As days went by we ended up with different thoughts and questions in our minds. Reflecting on past years’ experiences we had many reasons to be happy and thankful in relation to operations and infrastructure: We were able to quickly take actions ourselves (no black boxes) and avoid cumbersome release processes, we had an API gateway product created with focus on developers’ needs and a robust centralized logging solution with valuable log statements added in the application’s code.
On the other hand, we regretted spending hours fixing issues caused by typos and misconfigurations. Why didn’t we detect those earlier? How can we avoid suffering this in the future? Maybe environment configuration automation could help, as well as externalizing the monolith properties, avoiding monolith dependencies if possible, and not overestimating non-coding configuration tasks during our sprints.
But the most disturbing thoughts we started having were related to future possible scenarios. What would we do if the issue was not a simple one in a non-core feature but a complex one in the core of our product? And if we were in peak season with hundreds or even thousands of transactions failing? Would the same troubleshooting steps and tools be enough? The answer to this last question was definitely no.
You build it, you run it
There’s so much being said about the DevOps term’s definition these days that it may be hard for teams to focus in achieving the right mindset as you get started. For me, after the experience just shared, the You build it, you run it quote summarizes the key philosophy needed to continue improving in that area for our new product’s teams.
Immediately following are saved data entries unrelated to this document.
lemma pendant_edge_term:
  assumes e: "e \<in> pendant_edges" and P: "P \<in> pairs V" and Q: "Q \<in> pairs V"
  shows "1 + cut_ind e P * cut_ind e Q - side_sign e P * side_sign e Q = cut_ind e P + cut_ind e Q"
proof -
  obtain v where v: "e \<in> E" "v \<in> e" "degree E v = 1" using e unfolding pendant_edges_def by blast
  obtain m where m: "e = {v, m}" using edge_other_end v by blast
  show ?thesis using leaf_edge_values[OF v(3) _ P] leaf_edge_values[OF v(3) _ Q] v(1) unfolding m
    by (cases "side {v, m} m") (auto simp: algebra_simps)
qed

end

section \<open>Rank of a kernel matrix\<close>

context vec_space begin

lemma vec_lincomb_in_span:
  assumes S: "S \<subseteq> carrier_vec n" and K: "finite K" and v: "\<And>i. i \<in> K \<Longrightarrow> v i \<in> span S"
  shows "vec n (\<lambda>r. \<Sum>i\<in>K. c i * v i $ r) \<in> span S"
  using K v
proof (induction K)
  case empty
  have "vec n (\<lambda>r. \<Sum>i\<in>{}. c i * v i $ r) = 0\<^sub>v n" by (auto simp: zero_vec_def)
  then show ?case
    using LinearCombinations.submodule.zero_closed[OF span_is_submodule[OF S]] by simp
next
  case (insert j K)
  have sub: "LinearCombinations.submodule class_ring (span S) V" using span_is_submodule[OF S] .
  have vj: "v j \<in> span S" using insert by simp
  have vjc: "v j \<in> carrier_vec n" using span_is_subset2[OF S] vj by auto
  have "vec n (\<lambda>r. \<Sum>i\<in>insert j K. c i * v i $ r) = c j \<cdot>\<^sub>v v j + vec n (\<lambda>r. \<Sum>i\<in>K. c i * v i $ r)"
    using vjc insert(1,2) by (intro eq_vecI) auto
  moreover have "c j \<cdot>\<^sub>v v j \<in> span S"
    using LinearCombinations.submodule.smult_closed[OF sub] vj by simp
  ultimately show ?case
    using LinearCombinations.submodule.m_closed[OF sub] insert by simp
qed

lemma lin_indpt_family:
  assumes K: "finite K" and vc: "\<And>i. i \<in> K \<Longrightarrow> v i \<in> carrier_vec n"
    and ind: "\<And>lam. vec n (\<lambda>r. \<Sum>i\<in>K. lam i * v i $ r) = 0\<^sub>v n \<Longrightarrow> \<forall>i\<in>K. lam i = 0"
  shows "inj_on v K" "lin_indpt (v ` K)"
proof -
  show inj: "inj_on v K"
  proof (rule inj_onI, rule ccontr)
    fix i j assume i: "i \<in> K" and j: "j \<in> K" and eq: "v i = v j" and ne: "i \<noteq> j"
    define lam :: "_ \<Rightarrow> 'a" where "lam k = (if k = i then 1 else if k = j then -1 else 0)" for k
    have "vec n (\<lambda>r. \<Sum>k\<in>K. lam k * v k $ r) = 0\<^sub>v n"
    proof (intro eq_vecI)
      fix r assume r: "r < dim_vec (0\<^sub>v n :: 'a vec)"
      have "(\<Sum>k\<in>K. lam k * v k $ r) = (\<Sum>k\<in>K. (if k = i then v k $ r else 0) + (if k = j then - v k $ r else 0))"
        unfolding lam_def using ne by (intro sum.cong refl) auto
      also have "\<dots> = v i $ r - v j $ r" using K i j by (simp add: sum.distrib)
      finally show "vec n (\<lambda>r. \<Sum>k\<in>K. lam k * v k $ r) $ r = 0\<^sub>v n $ r" using r eq by simp
    qed simp
    then have "lam i = 0" using ind i by blast
    then show False unfolding lam_def by simp
  qed
  have vK: "v ` K \<subseteq> carrier_vec n" using vc by auto
  show "lin_indpt (v ` K)"
  proof (rule finite_lin_indpt2)
    fix a assume a0: "lincomb a (v ` K) = 0\<^sub>v n"
    have "vec n (\<lambda>r. \<Sum>i\<in>K. a (v i) * v i $ r) = lincomb a (v ` K)"
    proof (intro eq_vecI)
      fix r assume r: "r < dim_vec (lincomb a (v ` K))"
      then have rn: "r < n" using lincomb_dim[OF _ vK] K by (metis finite_imageI)
      have "lincomb a (v ` K) $ r = (\<Sum>x\<in>v ` K. a x * x $ r)" using lincomb_index[OF rn vK] .
      also have "\<dots> = (\<Sum>i\<in>K. a (v i) * v i $ r)" using sum.reindex[OF inj] by simp
      finally show "vec n (\<lambda>r. \<Sum>i\<in>K. a (v i) * v i $ r) $ r = lincomb a (v ` K) $ r" using rn by simp
    qed (use lincomb_dim[OF _ vK] K in simp)
    then show "\<forall>w\<in>v ` K. a w = 0" using ind a0 by simp
  qed (use K vK in auto)
qed

lemma rank_eq_card_family:
  assumes A: "A \<in> carrier_mat n nc" and K: "finite K" and vc: "\<And>i. i \<in> K \<Longrightarrow> v i \<in> carrier_vec n"
    and cols_in: "\<And>j. j < nc \<Longrightarrow> col A j \<in> span (v ` K)"
    and v_in: "\<And>i. i \<in> K \<Longrightarrow> v i \<in> span (set (cols A))"
    and ind: "\<And>lam. vec n (\<lambda>r. \<Sum>i\<in>K. lam i * v i $ r) = 0\<^sub>v n \<Longrightarrow> \<forall>i\<in>K. lam i = 0"
  shows "rank A = card K"
proof -
  have inj: "inj_on v K" and li: "lin_indpt (v ` K)" using lin_indpt_family[OF K vc ind] by auto
  have cA: "set (cols A) \<subseteq> carrier_vec n" using A cols_dim by blast
  have cK: "v ` K \<subseteq> carrier_vec n" using vc by auto
  have "set (cols A) \<subseteq> span (v ` K)" using A cols_in unfolding cols_def by auto
  moreover have "v ` K \<subseteq> span (set (cols A))" using v_in by auto
  ultimately have "span (set (cols A)) = span (v ` K)"
    using span_is_subset[OF _ span_is_submodule[OF cK]] span_is_subset[OF _ span_is_submodule[OF cA]]
    by blast
  then have "rank A = vectorspace.dim class_ring (span_vs (v ` K))" unfolding rank_def by simp
  also have "\<dots> = card (v ` K)"
    using dim_span[OF cK] li K unfolding maximal_def by blast
  also have "\<dots> = card K" using card_image[OF inj] .
  finally show ?thesis .
qed

end

definition kernel_span :: "'b set \<Rightarrow> ('b \<Rightarrow> 'b \<Rightarrow> real) \<Rightarrow> ('b \<Rightarrow> real) set" where
  "kernel_span X k = {f. \<exists>c. \<forall>P\<in>X. f P = (\<Sum>Q\<in>X. c Q * k P Q)}"

lemma kernel_span_column:
  assumes "finite X" "Q \<in> X"
  shows "(\<lambda>P. k P Q) \<in> kernel_span X k"
proof -
  have "(\<Sum>Q'\<in>X. (if Q = Q' then 1 else 0) * k P Q') = (\<Sum>Q'\<in>X. if Q = Q' then k P Q' else 0)" for P
    by (rule sum.cong) auto
  then have "(\<Sum>Q'\<in>X. (if Q = Q' then 1 else 0) * k P Q') = k P Q" for P
    using sum.delta'[OF assms(1), of Q "k P"] assms(2) by simp
  then show ?thesis unfolding kernel_span_def
    by (intro CollectI exI[of _ "\<lambda>Q'. if Q = Q' then 1 else 0"]) simp
qed

lemma kernel_span_zero: "(\<lambda>P. 0) \<in> kernel_span X k"
  unfolding kernel_span_def by (intro CollectI exI[of _ "\<lambda>_. 0"]) simp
Designing and prioritizing backlogs has to change when you’re supporting our own deployments in production, and that needs to be understood by dev teams, product owners and business stakeholders as well.
In line with my previous words, during the last few months we’ve been putting that quote into practice in different ways:
- Meeting in order to make sure every artifact’s owner team is clearly defined, and that we all understand the relationship between autonomy, responsibility and ownership. It’s not acceptable to have many teams working in a code but none of them showing ownership for maintaining it.
- Conversations with dev teams, product owners and business stakeholders in order to adjust backlogs priorities according to DevOps needs. I wish we had pushed for those earlier in order to avoid sprints full of DevOps stories only.
- Developed screens to be able to easily query our product’s event store and retrying events in case of failures. By doing this we streamline troubleshooting by avoiding searching for logs, opening up ssh tunnels, running sql queries and manually pushing messages.
- Smart, concise messaging notifications being used on top of basic monitoring in order to be able to detect potential problems as early as possible. It’s great to identify and solve issues before end users tell you about it!
- Programmatic and automatic remediation flows in order to avoid having to run manual actions when the number of affected items goes up. Just imagine having to spend whole days running manual remediation actions for thousands of items one by one and you’ll agree it’s worth investing here. Also, the chances of running into this scenario increase when working in an async event-driven application as we are.
- Increased emphasis on valuable code testing for early bug detection and increased confidence in code.
We still have lots of room for improvement, but I’m convinced that we’re moving in the right direction, and that’s in part thanks to the events that took place that Thursday evening.